--- What this task involves ---
In the entries below, find the line with "text \<open>Characters on" and the line with "powr p) powr". Reproduce those two lines and every line between them exactly, and nothing more.

--- Dataset records ---
Segment Open

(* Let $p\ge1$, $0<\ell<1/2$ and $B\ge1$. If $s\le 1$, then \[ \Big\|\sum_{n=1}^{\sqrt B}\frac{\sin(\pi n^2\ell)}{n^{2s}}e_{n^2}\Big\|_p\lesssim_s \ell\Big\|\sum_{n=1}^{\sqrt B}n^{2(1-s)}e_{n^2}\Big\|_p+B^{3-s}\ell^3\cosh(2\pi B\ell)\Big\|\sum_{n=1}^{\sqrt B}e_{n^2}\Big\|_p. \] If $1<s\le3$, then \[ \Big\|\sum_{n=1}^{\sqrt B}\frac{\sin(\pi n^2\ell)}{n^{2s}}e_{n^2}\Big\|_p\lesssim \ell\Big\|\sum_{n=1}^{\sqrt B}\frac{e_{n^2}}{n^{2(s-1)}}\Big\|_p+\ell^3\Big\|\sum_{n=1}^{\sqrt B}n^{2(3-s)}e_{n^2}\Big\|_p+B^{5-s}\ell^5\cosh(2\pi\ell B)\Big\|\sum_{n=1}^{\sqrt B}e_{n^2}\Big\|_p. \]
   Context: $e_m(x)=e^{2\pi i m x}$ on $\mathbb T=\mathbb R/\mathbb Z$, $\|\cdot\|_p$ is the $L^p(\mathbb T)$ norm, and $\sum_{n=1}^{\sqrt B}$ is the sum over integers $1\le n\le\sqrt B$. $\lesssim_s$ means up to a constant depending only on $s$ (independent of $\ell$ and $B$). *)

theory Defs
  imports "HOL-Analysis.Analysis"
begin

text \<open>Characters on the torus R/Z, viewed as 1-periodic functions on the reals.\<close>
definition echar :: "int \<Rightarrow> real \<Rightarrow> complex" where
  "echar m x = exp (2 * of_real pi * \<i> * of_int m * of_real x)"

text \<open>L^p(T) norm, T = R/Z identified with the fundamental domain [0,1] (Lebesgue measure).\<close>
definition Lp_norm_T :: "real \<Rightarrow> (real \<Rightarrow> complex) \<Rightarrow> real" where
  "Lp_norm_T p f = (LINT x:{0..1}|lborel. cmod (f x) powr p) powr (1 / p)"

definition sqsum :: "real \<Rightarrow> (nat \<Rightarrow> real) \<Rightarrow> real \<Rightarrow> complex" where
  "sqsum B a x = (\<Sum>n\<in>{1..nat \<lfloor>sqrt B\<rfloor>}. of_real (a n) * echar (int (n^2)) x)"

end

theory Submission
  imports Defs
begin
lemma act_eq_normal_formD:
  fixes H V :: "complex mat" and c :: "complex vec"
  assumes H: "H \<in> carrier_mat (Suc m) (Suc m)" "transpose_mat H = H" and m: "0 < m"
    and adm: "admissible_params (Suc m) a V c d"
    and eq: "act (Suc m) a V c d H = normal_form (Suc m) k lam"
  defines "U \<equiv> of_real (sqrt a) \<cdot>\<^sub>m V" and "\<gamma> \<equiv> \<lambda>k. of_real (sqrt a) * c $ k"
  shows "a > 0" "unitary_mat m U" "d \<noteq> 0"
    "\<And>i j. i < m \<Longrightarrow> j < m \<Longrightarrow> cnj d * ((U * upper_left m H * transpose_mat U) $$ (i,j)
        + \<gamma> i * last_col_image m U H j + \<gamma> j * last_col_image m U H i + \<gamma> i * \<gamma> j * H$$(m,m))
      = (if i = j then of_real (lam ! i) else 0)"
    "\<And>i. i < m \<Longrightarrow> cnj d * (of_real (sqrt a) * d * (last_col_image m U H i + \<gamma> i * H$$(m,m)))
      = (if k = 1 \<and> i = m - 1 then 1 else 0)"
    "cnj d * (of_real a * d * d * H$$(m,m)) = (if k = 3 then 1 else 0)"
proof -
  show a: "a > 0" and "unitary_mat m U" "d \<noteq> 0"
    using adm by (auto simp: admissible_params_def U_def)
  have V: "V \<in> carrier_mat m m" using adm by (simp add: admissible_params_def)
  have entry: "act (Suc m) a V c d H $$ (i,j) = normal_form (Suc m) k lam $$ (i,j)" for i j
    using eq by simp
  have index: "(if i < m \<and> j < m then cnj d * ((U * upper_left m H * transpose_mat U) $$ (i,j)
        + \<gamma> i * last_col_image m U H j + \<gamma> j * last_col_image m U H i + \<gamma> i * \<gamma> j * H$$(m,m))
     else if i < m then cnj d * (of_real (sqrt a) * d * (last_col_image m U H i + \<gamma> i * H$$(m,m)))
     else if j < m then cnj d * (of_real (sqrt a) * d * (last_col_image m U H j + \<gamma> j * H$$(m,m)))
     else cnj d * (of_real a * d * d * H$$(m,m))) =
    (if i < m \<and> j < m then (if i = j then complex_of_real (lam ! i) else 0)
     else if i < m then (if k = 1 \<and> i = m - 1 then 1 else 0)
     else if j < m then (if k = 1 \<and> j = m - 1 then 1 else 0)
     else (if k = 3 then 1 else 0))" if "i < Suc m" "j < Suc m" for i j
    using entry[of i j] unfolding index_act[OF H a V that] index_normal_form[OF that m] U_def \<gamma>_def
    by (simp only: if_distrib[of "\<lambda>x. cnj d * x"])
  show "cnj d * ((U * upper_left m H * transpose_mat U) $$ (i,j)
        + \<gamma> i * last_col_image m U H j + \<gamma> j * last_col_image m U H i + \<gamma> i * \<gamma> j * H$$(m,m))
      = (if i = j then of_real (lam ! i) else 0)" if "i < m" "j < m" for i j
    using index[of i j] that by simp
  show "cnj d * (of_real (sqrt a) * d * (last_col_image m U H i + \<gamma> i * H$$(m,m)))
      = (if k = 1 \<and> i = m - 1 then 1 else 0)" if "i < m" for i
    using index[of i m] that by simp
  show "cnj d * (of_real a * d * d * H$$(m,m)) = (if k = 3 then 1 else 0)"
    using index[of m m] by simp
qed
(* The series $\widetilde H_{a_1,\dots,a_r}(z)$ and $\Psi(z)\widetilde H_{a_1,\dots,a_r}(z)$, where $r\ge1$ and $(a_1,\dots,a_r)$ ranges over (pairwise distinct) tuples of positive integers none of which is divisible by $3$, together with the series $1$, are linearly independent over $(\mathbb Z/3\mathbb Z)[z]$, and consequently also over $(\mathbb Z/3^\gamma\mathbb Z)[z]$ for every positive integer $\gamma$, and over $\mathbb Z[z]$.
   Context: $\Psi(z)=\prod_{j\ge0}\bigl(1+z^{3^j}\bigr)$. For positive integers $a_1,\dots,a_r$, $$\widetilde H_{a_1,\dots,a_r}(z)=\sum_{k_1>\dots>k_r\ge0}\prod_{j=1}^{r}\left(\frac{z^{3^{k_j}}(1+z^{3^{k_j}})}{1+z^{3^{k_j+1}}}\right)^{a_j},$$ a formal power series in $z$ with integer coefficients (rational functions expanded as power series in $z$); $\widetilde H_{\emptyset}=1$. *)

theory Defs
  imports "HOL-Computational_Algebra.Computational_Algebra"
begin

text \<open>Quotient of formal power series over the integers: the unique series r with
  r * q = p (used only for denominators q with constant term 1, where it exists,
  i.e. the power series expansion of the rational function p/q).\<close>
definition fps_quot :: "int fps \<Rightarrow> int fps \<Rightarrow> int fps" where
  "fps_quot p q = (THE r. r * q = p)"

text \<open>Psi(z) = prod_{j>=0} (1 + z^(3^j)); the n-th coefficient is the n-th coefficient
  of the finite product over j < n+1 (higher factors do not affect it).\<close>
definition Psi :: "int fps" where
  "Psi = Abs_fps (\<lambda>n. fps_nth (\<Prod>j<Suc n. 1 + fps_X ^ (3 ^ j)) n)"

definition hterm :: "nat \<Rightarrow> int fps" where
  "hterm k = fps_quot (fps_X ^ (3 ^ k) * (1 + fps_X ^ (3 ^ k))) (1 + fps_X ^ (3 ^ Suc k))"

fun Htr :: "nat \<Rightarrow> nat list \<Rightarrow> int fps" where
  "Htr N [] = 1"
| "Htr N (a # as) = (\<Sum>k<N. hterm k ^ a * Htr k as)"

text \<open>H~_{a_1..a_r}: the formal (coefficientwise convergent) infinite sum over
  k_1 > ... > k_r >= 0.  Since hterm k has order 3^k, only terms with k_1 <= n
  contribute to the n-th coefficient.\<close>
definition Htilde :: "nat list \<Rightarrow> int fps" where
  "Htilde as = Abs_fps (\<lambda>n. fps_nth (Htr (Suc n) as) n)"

Segment Closed

--- Result of the exercise ---
text \<open>Characters on the torus R/Z, viewed as 1-periodic functions on the reals.\<close>
definition echar :: "int \<Rightarrow> real \<Rightarrow> complex" where
  "echar m x = exp (2 * of_real pi * \<i> * of_int m * of_real x)"

text \<open>L^p(T) norm, T = R/Z identified with the fundamental domain [0,1] (Lebesgue measure).\<close>
definition Lp_norm_T :: "real \<Rightarrow> (real \<Rightarrow> complex) \<Rightarrow> real" where
  "Lp_norm_T p f = (LINT x:{0..1}|lborel. cmod (f x) powr p) powr (1 / p)"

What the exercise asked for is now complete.